Audio-based inter-modal translation and cross-modal representation alignment
By K. Drossos

K. Drossos talks to ADASP about automated audio captioning


Everyday soundscapes contain a variety of information, providing valuable cues to machines to understand their surroundings. Recent advances in machine listening include methods that allow for contextual awareness by recognizing the acoustic scene (e.g. “office”, “urban area”, “airport”) and by detecting and classifying sound events (e.g. “dog barking”, “people speaking”). Though, there is more information in what we can hear and perceive than simply “busy street” or “car passing by”. For example, we can understand concepts (“muffled sound”), physical properties of objects and environment (“the sound of a big car”, “people talking in a big room”), and high-level knowledge (“a clock rings three times”). A promising way of creating learning algorithms and computational methods that can exploit the previously mentioned information is to leverage multi-modal information, such as audio and text. This talk will be focusing on two emerging research directions on audio-based multi-modal processing, which allow for learning the above-mentioned information. The first one is automated audio captioning (AAC), a newly introduced inter-modal translation task where a method takes as an input a general audio signal and outputs a textual description of its contents, e.g. “A man moves from the basement to upstairs, moving a heavy metal object with him”. The latest advances on AAC will be presented, including the process of creating the well-curated AAC dataset Clotho, and a recent AAC method, which yields state-of-the-art results on this dataset. The second research direction focuses on the cross-modal alignment of learned representations between audio and text. In this setting, a method aims at reducing the distance between two feature vectors learned from these two modalities. Then, the learned audio feature vectors can be used in various downstream tasks, e.g. audio classification and music genre recognition. Recent methods focusing on the latter direction show competitive to SOTA results, using less amount of data.
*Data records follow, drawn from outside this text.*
lemma newton_pot_paraboloid_outside_le:
  assumes "5 \<le> DIM('a::euclidean_space)" "0 < \<gamma>" "61/72 < p"
  obtains C e s\<^sub>0 where "0 \<le> C" "e < 0"
    and "\<And>x :: 'a \<times> real. s\<^sub>0 \<le> snd x \<Longrightarrow> x \<notin> power_paraboloid \<gamma> p \<Longrightarrow>
           newton_pot (power_paraboloid \<gamma> (1/2)) x \<le> ennreal (C * snd x powr e)"
proof -
  define n where "n = real DIM('a)"
  define \<beta> :: real where "\<beta> = 22/25"
  define e\<^sub>1 where "e\<^sub>1 = \<beta> * (1 - n) + n / 2 + 1"
  define e\<^sub>2 where "e\<^sub>2 = p * (1 - n) + n / 2 + \<beta>"
  define e\<^sub>3 where "e\<^sub>3 = 2 - n / 2"
  define C\<^sub>1 where "C\<^sub>1 = newton_alpha TYPE('a \<times> real) * (2 * \<gamma>) ^ DIM('a) * 2 powr (n / 2) * 2"
  define C\<^sub>2 where
    "C\<^sub>2 = newton_alpha TYPE('a \<times> real) * (\<gamma> / 2) powr (1 - n) * (2 * \<gamma>) ^ DIM('a) * 2 powr (n / 2) * 2"
  obtain C\<^sub>3 where "0 \<le> C\<^sub>3" and tail: "\<And>K (x :: 'a \<times> real). 0 < K \<Longrightarrow> 2 * snd x \<le> K \<Longrightarrow>
      newton_pot (power_paraboloid \<gamma> (1/2) \<inter> {y. K \<le> snd y}) x \<le> ennreal (C\<^sub>3 * K powr e\<^sub>3)"
    using newton_pot_paraboloid_tail_le[of \<gamma>] assms(1,2) unfolding e\<^sub>3_def n_def by auto
  have "0 \<le> C\<^sub>1" "0 \<le> C\<^sub>2"
    using assms(2) newton_alpha_nonneg[where 'a = "'a \<times> real"] by (simp_all add: C\<^sub>1_def C\<^sub>2_def DIM_ge_Suc0)
  have "5 \<le> n"
    using assms(1) by (simp add: n_def)
  then have "max e\<^sub>1 (max e\<^sub>2 e\<^sub>3) < 0"
    using exponents_outside_power_paraboloid_neg[OF _ assms(3)] by (simp add: e\<^sub>1_def e\<^sub>2_def e\<^sub>3_def \<beta>_def)
  show ?thesis
  proof (rule that[of "C\<^sub>1 + C\<^sub>2 + C\<^sub>3 * 2 powr e\<^sub>3" _ "max 1 (4 powr (1 / (p - 1/2)))"])
    show "0 \<le> C\<^sub>1 + C\<^sub>2 + C\<^sub>3 * 2 powr e\<^sub>3"
      using \<open>0 \<le> C\<^sub>1\<close> \<open>0 \<le> C\<^sub>2\<close> \<open>0 \<le> C\<^sub>3\<close> by simp
    fix x :: "'a \<times> real"
    assume x: "max 1 (4 powr (1 / (p - 1/2))) \<le> snd x" "x \<notin> power_paraboloid \<gamma> p"
    define s where "s = snd x"
    have "1 \<le> s"
      using x by (simp add: s_def)
    have "s powr \<beta> \<le> s powr 1"
      using \<open>1 \<le> s\<close> by (intro powr_mono) (auto simp: \<beta>_def)
    let ?P = "power_paraboloid \<gamma> (1/2) :: ('a \<times> real) set"
    let ?A = "?P \<inter> {y. 0 \<le> snd y \<and> snd y \<le> 2 * s \<and> s powr \<beta> \<le> \<bar>snd y - s\<bar>}"
    let ?B = "?P \<inter> {y. s - s powr \<beta> \<le> snd y \<and> snd y \<le> s + s powr \<beta>}"
    let ?T = "?P \<inter> {y. 2 * s \<le> snd y}"
    have "newton_pot ?P x \<le> newton_pot (?A \<union> ?B \<union> ?T) x"
      by (intro newton_pot_mono) (auto simp: power_paraboloid_def)
    also have "\<dots> \<le> newton_pot ?A x + newton_pot ?B x + newton_pot ?T x"
      by (intro order.trans[OF newton_pot_Un_le] add_right_mono newton_pot_Un_le sets.Un
            sets_lebesgueI_borel) measurable
    also have "\<dots> \<le> ennreal (C\<^sub>1 * s powr e\<^sub>1) + ennreal (C\<^sub>2 * s powr e\<^sub>2) + ennreal (C\<^sub>3 * (2 * s) powr e\<^sub>3)"
    proof (intro add_mono)
      show "newton_pot ?A x \<le> ennreal (C\<^sub>1 * s powr e\<^sub>1)"
        unfolding C\<^sub>1_def e\<^sub>1_def n_def
        by (rule newton_pot_paraboloid_off_level_le) (use assms(2) \<open>1 \<le> s\<close> in \<open>auto simp: s_def\<close>)
      have "\<gamma> * s powr p \<le> norm (fst x)"
        using x \<open>1 \<le> s\<close> by (auto simp: s_def power_paraboloid_def)
      moreover have "2 * (2 * s) powr (1/2) \<le> s powr p"
        using x assms(3) by (intro sqrt_le_powr_of_large) (auto simp: s_def)
      ultimately show "newton_pot ?B x \<le> ennreal (C\<^sub>2 * s powr e\<^sub>2)"
        unfolding C\<^sub>2_def e\<^sub>2_def n_def
        by (intro newton_pot_paraboloid_level_le)
          (use assms(2) \<open>1 \<le> s\<close> \<open>s powr \<beta> \<le> s powr 1\<close> in \<open>auto simp: s_def\<close>)
      show "newton_pot ?T x \<le> ennreal (C\<^sub>3 * (2 * s) powr e\<^sub>3)"
        using \<open>1 \<le> s\<close> by (intro tail) (auto simp: s_def)
    qed
    also have "\<dots> \<le> ennreal ((C\<^sub>1 + C\<^sub>2 + C\<^sub>3 * 2 powr e\<^sub>3) * s powr max e\<^sub>1 (max e\<^sub>2 e\<^sub>3))"
      using sum_powr_le_max_powr[of s C\<^sub>1 C\<^sub>2 "C\<^sub>3 * 2 powr e\<^sub>3" e\<^sub>1 e\<^sub>2 e\<^sub>3] \<open>1 \<le> s\<close>
        \<open>0 \<le> C\<^sub>1\<close> \<open>0 \<le> C\<^sub>2\<close> \<open>0 \<le> C\<^sub>3\<close>
      by (simp add: ennreal_plus[symmetric] powr_mult mult.assoc del: ennreal_plus)
    finally show "newton_pot ?P x \<le> ennreal ((C\<^sub>1 + C\<^sub>2 + C\<^sub>3 * 2 powr e\<^sub>3) * snd x powr max e\<^sub>1 (max e\<^sub>2 e\<^sub>3))"
      by (simp add: s_def)
  qed fact
qed
(* Let $\Omega$ be a doubly periodic domain (flat $2$-torus), $p_1,\dots,p_N\in\Omega$ (not necessarily distinct) and $\lambda>0$. If $u$ is a solution of $$(1-e^u)\Delta u-e^u|\nabla u|^2=-\lambda e^u(e^u-1)^2+4\pi\sum_{s=1}^N\delta_{p_s}\quad\text{in }\Omega,$$ then $u<0$ throughout $\Omega$.
   Context: All functions are doubly periodic on $\Omega$; $\delta_p$ is the Dirac distribution at $p$. A solution means a function $u$, smooth on $\Omega$ minus the points $p_s$, satisfying $(1-e^u)\Delta u-e^u|\nabla u|^2=-\lambda e^u(e^u-1)^2$ pointwise away from the points, and such that near each point $p$ occurring with multiplicity $n$ among $p_1,\dots,p_N$, $u(x)=n\ln|x-p|^2+f(x)$ with $f$ smooth near $p$ (so $u\to-\infty$ at the points). *)

theory Defs
  imports "HOL-Analysis.Analysis"
begin

definition pd1 :: "(complex \<Rightarrow> real) \<Rightarrow> complex \<Rightarrow> real" where
  "pd1 f z = deriv (\<lambda>t::real. f (z + complex_of_real t)) 0"

definition pd2 :: "(complex \<Rightarrow> real) \<Rightarrow> complex \<Rightarrow> real" where
  "pd2 f z = deriv (\<lambda>t::real. f (z + \<i> * complex_of_real t)) 0"

fun iter_pd :: "bool list \<Rightarrow> (complex \<Rightarrow> real) \<Rightarrow> complex \<Rightarrow> real" where
  "iter_pd [] f = f"
| "iter_pd (b # bs) f = (if b then pd1 else pd2) (iter_pd bs f)"

definition smooth_on :: "complex set \<Rightarrow> (complex \<Rightarrow> real) \<Rightarrow> bool" where
  "smooth_on S f \<longleftrightarrow> (\<forall>ws. iter_pd ws f differentiable_on S \<and> continuous_on S (iter_pd ws f))"

definition laplacian :: "(complex \<Rightarrow> real) \<Rightarrow> complex \<Rightarrow> real" where
  "laplacian f z = pd1 (pd1 f) z + pd2 (pd2 f) z"

definition grad_sq :: "(complex \<Rightarrow> real) \<Rightarrow> complex \<Rightarrow> real" where
  "grad_sq f z = (pd1 f z)\<^sup>2 + (pd2 f z)\<^sup>2"

definition lattice :: "complex \<Rightarrow> complex \<Rightarrow> complex set" where
  "lattice w1 w2 = {of_int m * w1 + of_int n * w2 | m n. True}"

text \<open>Lift to the plane of the points p_1..p_N of the torus.\<close>
definition sing_set :: "complex \<Rightarrow> complex \<Rightarrow> nat \<Rightarrow> (nat \<Rightarrow> complex) \<Rightarrow> complex set" where
  "sing_set w1 w2 N p = {p s + w | s w. s \<in> {1..N} \<and> w \<in> lattice w1 w2}"

text \<open>Multiplicity of the torus point represented by q among p_1..p_N.\<close>
definition mult :: "complex \<Rightarrow> complex \<Rightarrow> nat \<Rightarrow> (nat \<Rightarrow> complex) \<Rightarrow> complex \<Rightarrow> nat" where
  "mult w1 w2 N p q = card {s \<in> {1..N}. q - p s \<in> lattice w1 w2}"

definition is_solution ::
  "complex \<Rightarrow> complex \<Rightarrow> real \<Rightarrow> nat \<Rightarrow> (nat \<Rightarrow> complex) \<Rightarrow> (complex \<Rightarrow> real) \<Rightarrow> bool" where
  "is_solution w1 w2 lam N p u \<longleftrightarrow>
     (\<forall>z. u (z + w1) = u z \<and> u (z + w2) = u z) \<and>
     smooth_on (- sing_set w1 w2 N p) u \<and>
     (\<forall>z. z \<notin> sing_set w1 w2 N p \<longrightarrow>
        (1 - exp (u z)) * laplacian u z - exp (u z) * grad_sq u z
          = - lam * exp (u z) * (exp (u z) - 1)\<^sup>2) \<and>
     (\<forall>q \<in> sing_set w1 w2 N p. \<exists>r>0. \<exists>f. smooth_on (ball q r) f \<and>
        (\<forall>x \<in> ball q r - {q}.
           u x = real (mult w1 w2 N p q) * ln ((cmod (x - q))\<^sup>2) + f x))"

end

theory Submission
  imports Defs
begin

text \<open>
  On the torus u attains a maximum, since u \<rightarrow> -\<infinity> at the vortex points. There the gradient
  vanishes and \<Delta>u \<le> 0, so the equation leaves no room for u > 0. Where u < 0 the equation
  together with exp u (1 - exp u) \<le> -u gives \<Delta>u \<ge> \<lambda> u. For such a nonpositive subsolution
  Hopf's boundary lemma makes the zero set open; it is also relatively closed in the
  connected complement of the vortex points, and u is negative close to them, so the zero
  set is empty.
\<close>

section \<open>Directional derivatives and local extrema\<close>

definition dir_deriv :: "(complex \<Rightarrow> real) \<Rightarrow> complex \<Rightarrow> complex \<Rightarrow> real" where
  "dir_deriv f d z = deriv (\<lambda>t::real. f (z + complex_of_real t * d)) 0"

lemma pd1_eq_dir_deriv: "pd1 f = dir_deriv f 1"
  by (auto simp: pd1_def dir_deriv_def fun_eq_iff)

lemma pd2_eq_dir_deriv: "pd2 f = dir_deriv f \<i>"
  by (auto simp: pd2_def dir_deriv_def fun_eq_iff mult.commute)

lemma has_real_derivative_along_line:
  assumes "(f has_derivative f') (at (z + complex_of_real t * d))"
  shows "((\<lambda>s. f (z + complex_of_real s * d)) has_real_derivative f' d) (at t)"
proof -
  have "((\<lambda>s. z + complex_of_real s * d) has_derivative (\<lambda>h. complex_of_real h * d)) (at t)"
    by (auto intro!: derivative_eq_intros)
  from has_derivative_compose[OF this assms]
  have "((\<lambda>s. f (z + complex_of_real s * d)) has_derivative (\<lambda>h. f' (complex_of_real h * d))) (at t)" .
  moreover have "(\<lambda>h. f' (complex_of_real h * d)) = (*) (f' d)"
    using linear_cmul[OF has_derivative_linear[OF assms]]
    by (simp add: fun_eq_iff scaleR_conv_of_real mult.commute)
  ultimately show ?thesis by (simp add: has_field_derivative_def)
qed

lemma has_real_derivative_dir_deriv:
  assumes "f differentiable (at (z + complex_of_real t * d))"
  shows "((\<lambda>s. f (z + complex_of_real s * d)) has_real_derivative
           dir_deriv f d (z + complex_of_real t * d)) (at t)"
proof -
  obtain f' where f': "(f has_derivative f') (at (z + complex_of_real t * d))"
    using assms unfolding differentiable_def by blast
  have "dir_deriv f d (z + complex_of_real t * d) = f' d"
    unfolding dir_deriv_def
    by (rule DERIV_imp_deriv, rule has_real_derivative_along_line[where t=0]) (use f' in simp)
  with has_real_derivative_along_line[OF f'] show ?thesis by simp
qed

lemma DERIV_nonneg_at_right_local_min:
  fixes f :: "real \<Rightarrow> real"
  assumes f': "(f has_real_derivative D) (at x)" and e: "e > 0"
    and min: "\<And>t. 0 < t \<Longrightarrow> t < e \<Longrightarrow> f x \<le> f (x + t)"
  shows "D \<ge> 0"
proof (rule ccontr)
  assume "\<not> D \<ge> 0"
  then obtain d where d: "d > 0" "\<And>h. 0 < h \<Longrightarrow> h < d \<Longrightarrow> f (x + h) < f x"
    using DERIV_neg_dec_right[OF f'] by force
  have "f (x + min d e / 2) < f x" using d e by (intro d(2)) auto
  moreover have "f x \<le> f (x + min d e / 2)" using d e by (intro min) auto
  ultimately show False by simp
qed

lemma DERIV2_local_min_nonneg:
  fixes g g' :: "real \<Rightarrow> real"
  assumes e: "e > 0"
    and g': "\<And>t. \<bar>t\<bar> < e \<Longrightarrow> (g has_real_derivative g' t) (at t)"
    and g'': "(g' has_real_derivative D) (at 0)"
    and min: "\<And>t. \<bar>t\<bar> < e \<Longrightarrow> g 0 \<le> g t"
  shows "D \<ge> 0"
proof (rule ccontr)
  assume "\<not> D \<ge> 0"
  then obtain d where d: "d > 0" "\<And>h. h > 0 \<Longrightarrow> h < d \<Longrightarrow> g' h < g' 0"
    using DERIV_neg_dec_right[OF g''] by force
  have "g' 0 = 0"
    by (rule DERIV_local_min[OF g'[of 0] e]) (use e min in auto)
  define t where "t = min d e / 2"
  have t: "t > 0" "t < d" "t < e" using d e by (auto simp: t_def)
  obtain s where s: "0 < s" "s < t" "g t - g 0 = t * g' s"
    using MVT2[of 0 t g g'] t g' by force
  have "g' s < 0" using d(2)[of s] s t \<open>g' 0 = 0\<close> by simp
  then have "g t < g 0" using s t mult_pos_neg[of t "g' s"] by simp
  with min[of t] t show False by simp
qed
Dr. Konstantinos Drossos was born in Thessaloniki, Greece. He holds a BEng in Sound Technology (first-class honours), a BSc in Informatics, an MSc in Sound & Vibration Research, and a PhD (first-class honours) in the field of machine listening. Currently, he is a senior researcher at the Audio Research Group (ARG), Finland. He has been a postdoc researcher at ARG and a postdoc fellow at Montreal Institute for Learning Algorithms, Canada, and at Music Technology Group, Spain. He has authored or co-authored over 50 research papers, has pioneered the field of audio captioning, has organized scientific challenges, special sessions, and workshops in international conferences, serves as a reviewer for top journals and conferences, and has served as the Chairman of the Finnish IEEE Joint Chapter of SP&CAS. His research interests include audio captioning, domain adaptation, multimodal translation, source separation, detection and classification of acoustic scenes and events, and machine listening.